What ever happened to “finders keepers, losers weepers?” These days, when American divers discover a valuable shipwreck in the Atlantic or a couple stumbles across millions of dollars worth of rare coins in their own back yard, Uncle Sam or some other government has its hand out.
Most recently, the California couple who found $10 million in rare 19th century coins during a stroll might be forced to turn it over to the U.S. government. Yes, the same government that donates billions in foreign aid to unfriendly countries for no apparent reason and throws trillions in interest payments at its growing $17-trillion-plus debt may claim the money, ceding only a finders fee.
This would certainly not be the first time the U.S. government confiscated a precious coin collection legally obtained by private citizens. In 2012, Judge Legrome Davis of the Eastern District Court of Pennsylvania affirmed a 2011 decision that a box of 1933 Saint-Gaudens double eagle coins discovered by the family of Israel Switt, a deceased dealer and collector, is the property of the United States.
A few months ago, an anonymous California couple found their pot of gold near a path on their property, end-of-rainbows notwithstanding. At first, the glint from a mostly buried can near the base of a tree caught their eye. Before it was over, the two had dug up five canisters of rare coins, mostly uncirculated and in mint condition. The money has a face value of $27,000 but is worth millions.
Even if the government does not seize the collection, it stands to collect about half of its fair market value in taxes, charged to 2013 when the couple discovered the collection. According to U.S. tax law, the pair will owe the taxes whether or not they sell the coins.
"Since 1981, people have been coming to us with one or two coins they find worth a few thousand dollars, but this is the first time we get someone with a whole cache of buried coins... It is a million to one chance, even harder than winning the lottery," coin expert Dr. Don Kagan from Kagin's, Inc. recently told ABCNews.com.
Unfortunately, the California couple’s find reportedly matches the contents of a 1900 gold heist from the San Francisco Mint.
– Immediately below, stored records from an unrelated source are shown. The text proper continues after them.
lemma norm_certificates_level_2:
  "norm_certificate 2 1 3 (quadratic_at_1 1 0 0) 1 (monom 1 1) ([:1, 1, 1, 1, 1, 1, 1:] ^ 3)
     [:-1, 0, 14, -10, 17, -11, 16, -11, 1, -7, -4, 3, -9, 5, -7, 8, -4, 2, -3, 1, 1:]
     [:-1, 5, -4, 8, -2, 3, 3, 0, 1, -2, 3, -8, 5, -7, -1, 0, -2, 0, -2, 4, -6, 7, -4, 0, 1:]
     [:-2, 3, -4, 5, -3, 3, -3, 1, 1:]"
  "norm_certificate 2 1 3 (quadratic_at_1 1 0 1) [:1, 1, 1, 1, 1, 1, 1:] (monom 1 1) ([:1, 1, 1, 1, 1, 1, 1:] ^ 4)
     [:7, -13, 37, -40, 65, -32, 61, -14, 34, -16, 16, -24, -14, -19, -21, -3, -20, 6, -10, 7, -6:]
     [:6, -8, 9, 11, -8, 24, 5, 11, 11, 14, -3, 7, 5, -22, 5, -16, -12, -11, -4, -17, 0, 4, -17, 13, -6:]
     [:5, -4, 0, 2, -3, 6, -7, 8, -6:]"
  "norm_certificate 2 1 3 (quadratic_at_1 1 0 2) [:1, 1, 1, 1:] (monom 1 1) ([:1, 1, 1, 1:] * [:1, 1, 1, 1, 1, 1, 1:] ^ 3)
     [:-21, 8, 35, -30, 69, -37, 40, 11, -33, 25, -62, 49, -54, 25, -33, 11, 2, -15, 5, -13, 19:]
     [:-23, 49, -42, 22, 24, -24, 27, 7, 6, -21, 47, -49, 13, 10, -40, 12, -7, -4, -27, 45, -47, 18, 18, -32, 19:]
     [:-24, 24, -23, 19, -10, 4, 5, -13, 19:]"
  "norm_certificate 2 1 3 (quadratic_at_1 1 1 0) 1 (monom 1 1) 1
     [:1, -1, -3, 10, -14, 14, -14, 14, -10, 5, -2, -1, 5, -7, 7, -7, 7, -5, 3, -2, 1:]
     [:2, -6, 8, -6, 3, -1, 1, -2, 2, 1, -5, 7, -6, 4, -2, 1, -1, 1, 1, -4, 6, -6, 5, -3, 1:]
     [:1, -2, 3, -4, 5, -4, 3, -2, 1:]"
  "norm_certificate 2 1 3 (quadratic_at_1 1 1 1) [:1, 1, 1, 1, 1, 1, 1:] (monom 1 1) [:1, 1, 1, 1, 1, 1, 1:]
     [:4, -8, 17, -28, 31, -30, 26, -20, 15, -11, 12, -9, 2, 0, -2, 5, -7, 7, -4, 5, -4:]
     [:4, -7, 5, 3, -10, 10, -4, -2, 2, 3, -7, 5, 3, -10, 10, -4, -1, 1, 3, -6, 4, 3, -9, 9, -4:]
     [:3, -2, 1, 1, -2, 3, -4, 5, -4:]"
  "norm_certificate 2 1 3 (quadratic_at_1 1 1 2) [:1, 1, 1, 1:] (monom 1 1) [:1, 1, 1, 1:]
     [:-16, 6, 19, -29, 43, -40, 24, 0, -24, 24, -37, 48, -33, 28, -21, 12, 0, -12, 3, -9, 15:]
     [:-17, 35, -35, 15, 10, -22, 15, -2, 2, -18, 35, -35, 15, 11, -23, 15, -1, 1, -18, 36, -36, 15, 12, -24, 15:]
     [:-18, 19, -18, 15, -9, 3, 3, -9, 15:]"
  "norm_certificate 2 1 3 (quadratic_at_1 1 2 0) 1 (monom 1 1) ([:1, 1, 1, 1:] ^ 3)
     [:4, 3, -15, 36, -43, 40, -46, 34, -26, 13, 0, -5, 19, -21, 20, -23, 17, -13, 9, -4, 2:]
     [:6, -13, 20, -17, 12, -6, 1, -3, 1, 5, -15, 19, -18, 12, -5, 2, -1, 1, 5, -14, 18, -18, 13, -6, 2:]
     [:5, -8, 9, -14, 13, -11, 9, -4, 2:]"
  "norm_certificate 2 1 3 (quadratic_at_1 1 2 1) [:1, 1, 1, 1, 1, 1, 1:] (monom 1 1) ([:1, 1, 1, 1, 1, 1, 1:] * [:1, 1, 1, 1:] ^ 3)
     [:3, 5, 10, 2, 16, -9, 7, -16, -3, -12, -3, -7, 3, 3, 4, 3, -1, 1, -3, 0, -2:]
     [:4, 0, 6, 4, 1, 6, 0, -1, -1, 0, -7, -2, -3, -6, 2, -2, -1, 1, 3, -2, 2, 0, -3, 2, -2:]
     [:3, 2, 3, 0, -1, -1, -3, 0, -2:]"
  "norm_certificate 2 1 3 (quadratic_at_1 1 2 2) [:1, 1, 1, 1:] (monom 1 1) ([:1, 1, 1, 1:] ^ 4)
     [:-8, 12, 15, -13, 33, -30, 15, -15, -26, 9, -24, 39, -18, 27, -13, 9, -7, -13, 0, -4, 13:]
     [:-8, 26, -24, 17, 7, -15, 12, -5, -3, -12, 21, -28, 13, 3, -16, 13, -1, 1, -9, 24, -28, 13, 4, -17, 13:]
     [:-9, 16, -13, 9, -11, 0, 0, -4, 13:]"
  "norm_certificate 2 1 3 (quadratic_at_1 2 0 0) (- 1) (monom (- 1) 2) (- 1)
     [:3, 6, -22, 28, -28, 28, -28, 20, -8, 5, 2, -12, 14, -14, 14, -14, 10, -4, 5, -2, -2:]
     [:4, -9, 14, -15, 9, 0, -4, 2, 0, 3, -9, 14, -14, 8, 0, -3, 1, 0, 4, -10, 14, -13, 7, 0, -2:]
     [:5, -6, 8, -9, 8, -6, 5, -2, -2:]"
  "norm_certificate 2 1 3 (quadratic_at_1 2 0 1) [:1, 1, 1, 1, 1:] (monom (- 1) 1) [:1, 1, 1, 1, 1:]
     [:9, -18, 37, -54, 49, -47, 53, -58, 54, -38, 31, -18, -4, 13, -20, 26, -29, 27, -16, 15, -11:]
     [:7, -7, -5, 22, -31, 24, -9, 0, -2, 8, -7, -5, 22, -31, 25, -10, 0, -1, 7, -7, -4, 21, -31, 26, -11:]
     [:6, -1, -4, 10, -14, 16, -16, 15, -11:]"
  "norm_certificate 2 1 3 (quadratic_at_1 2 0 2) [:1, 1:] (monom (- 1) 1) [:1, 1:]
     [:-12, -12, 49, -46, 28, -8, 0, 16, -40, 32, -32, 39, -24, 14, -4, 0, 8, -20, 8, -10, 15:]
     [:-15, 28, -24, 4, 18, -27, 17, 0, -2, -14, 28, -23, 3, 18, -26, 16, 0, -1, -15, 28, -22, 2, 18, -25, 15:]
     [:-16, 12, -9, 8, -2, -5, 8, -10, 15:]"
  "norm_certificate 2 1 3 (quadratic_at_1 2 1 0) (- 1) (monom (- 1) 2) (- ([:1, 1, 1, 1:] ^ 3))
     [:0, 2, -10, 2, 1, 2, 4, 0, 8, -3, 0, -8, 0, 0, 1, 2, 0, 4, -1, 0, -3:]
     [:0, -2, 2, -4, 0, 5, -4, 3, 1, -1, 1, 2, -2, 0, 3, -4, 1, 0, 0, 0, 2, -1, -1, 3, -3:]
     [:1, 0, 2, 1, 0, 1, -1, 0, -3:]"
  "norm_certificate 2 1 3 (quadratic_at_1 2 1 1) [:1, 1, 1, 1, 1:] (monom (- 1) 1) ([:1, 1, 1, 1, 1:] * [:1, 1, 1, 1:] ^ 3)
     [:10, -6, 31, -30, 36, -31, 31, -47, 23, -34, 18, -9, 3, 14, -8, 18, -22, 12, -13, 10, -5:]
     [:9, -3, -2, 20, -18, 16, -4, -2, -6, 5, -9, -7, 15, -23, 14, -4, 0, -1, 9, -6, -4, 15, -23, 15, -5:]
     [:8, 2, -1, 5, -12, 7, -13, 10, -5:]"
  "norm_certificate 2 1 3 (quadratic_at_1 2 1 2) [:1, 1:] (monom (- 1) 1) ([:1, 1:] * [:1, 1, 1, 1:] ^ 3)
     [:-8, -5, 41, -33, 25, -11, -6, 4, -36, 25, -22, 37, -15, 14, -5, -3, 2, -18, 7, -6, 14:]
     [:-10, 24, -19, 6, 15, -23, 13, -2, -4, -10, 21, -21, 4, 13, -21, 15, 0, -1, -10, 21, -20, 3, 13, -20, 14:]
     [:-11, 10, -9, 4, -4, -4, 7, -6, 14:]"
  "norm_certificate 2 1 3 (quadratic_at_1 2 2 0) (- 1) (monom (- 1) 2) (- ([:1, 1, 1, 1, 1, 1, 1:] ^ 3))
     [:-2, 0, 3, -24, 25, -31, 26, -27, 23, -5, 8, 5, -8, 16, -14, 13, -15, 10, -5, 5, -2:]
     [:-3, 6, -11, 8, -12, 6, -6, 0, 1, -4, 9, -8, 12, -7, 9, -2, 2, 1, -3, 8, -11, 11, -10, 7, -2:]
     [:-2, 5, -6, 8, -10, 8, -5, 5, -2:]"
  "norm_certificate 2 1 3 (quadratic_at_1 2 2 1) [:1, 1, 1, 1, 1:] (monom (- 1) 1) ([:1, 1, 1, 1, 1:] * [:1, 1, 1, 1, 1, 1, 1:] ^ 3)
     [:3, -4, 16, -5, 31, -1, 32, -7, 22, -18, 0, -22, -15, -11, -16, 2, -11, 9, -5, 5, -4:]
     [:3, -1, 2, 12, -2, 16, 6, 10, 6, 8, -1, -3, 2, -17, -1, -13, -8, -8, -2, -7, -2, 6, -10, 9, -4:]
     [:2, -2, -1, 3, -3, 6, -5, 5, -4:]"
  "norm_certificate 2 1 3 (quadratic_at_1 2 2 2) [:1, 1:] (monom (- 1) 1) ([:1, 1:] * [:1, 1, 1, 1, 1, 1, 1:] ^ 3)
     [:-7, -1, 30, -19, 27, -2, 5, 9, -24, 11, -28, 16, -19, 6, -6, 1, 6, -9, 4, -7, 8:]
     [:-8, 20, -14, 6, 16, -12, 13, 4, -1, -8, 17, -19, -1, 7, -20, 6, -2, -3, -9, 17, -15, 3, 11, -15, 8:]
     [:-9, 8, -6, 5, -1, -1, 4, -7, 8:]"
  unfolding norm_certificate_def quadratic_at_1_def poly_eq_poly_eq_iff[symmetric] fun_eq_iff
  by ((simp only: Nk_mult Nk_power Nk_uminus one_le_numeral)?;
      simp add: Nk_repunits Nk_1_monom poly_monom; intro conjI allI; algebra)+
This means, the government that recently spent a half-million dollars to study shrimp on a treadmill, millions more for a catfish study and this year blew $175,000 to examine the swimming abilities of fish, may ultimately claim ownership of the booty.
U.S. courts do not limit their authority to confiscation of hard-earned fortunes to the U.S. government. In 2012, a US court ruled $500m of gold and silver coins recovered by US treasure-hunters from the Atlantic in 2007 belonged to Spain.
With a population of about 47 million and its economy in tatters, Spain owes close to $1 trillion in national debt, but its thriving underground market amounts 25-percent of GDP. In comparison, Spain’s government debt represents about 90-percent of its GDP.
Perhaps the U.S. and Spanish economies would fare better if the California couple kept their booty and Spain returned the treasure that the Atlantic divers risked their lives to salvage.
On the other hand, we can be sure that both governments re-minted the value of both hauls and spent it years ago without the consent or knowledge of “the people.”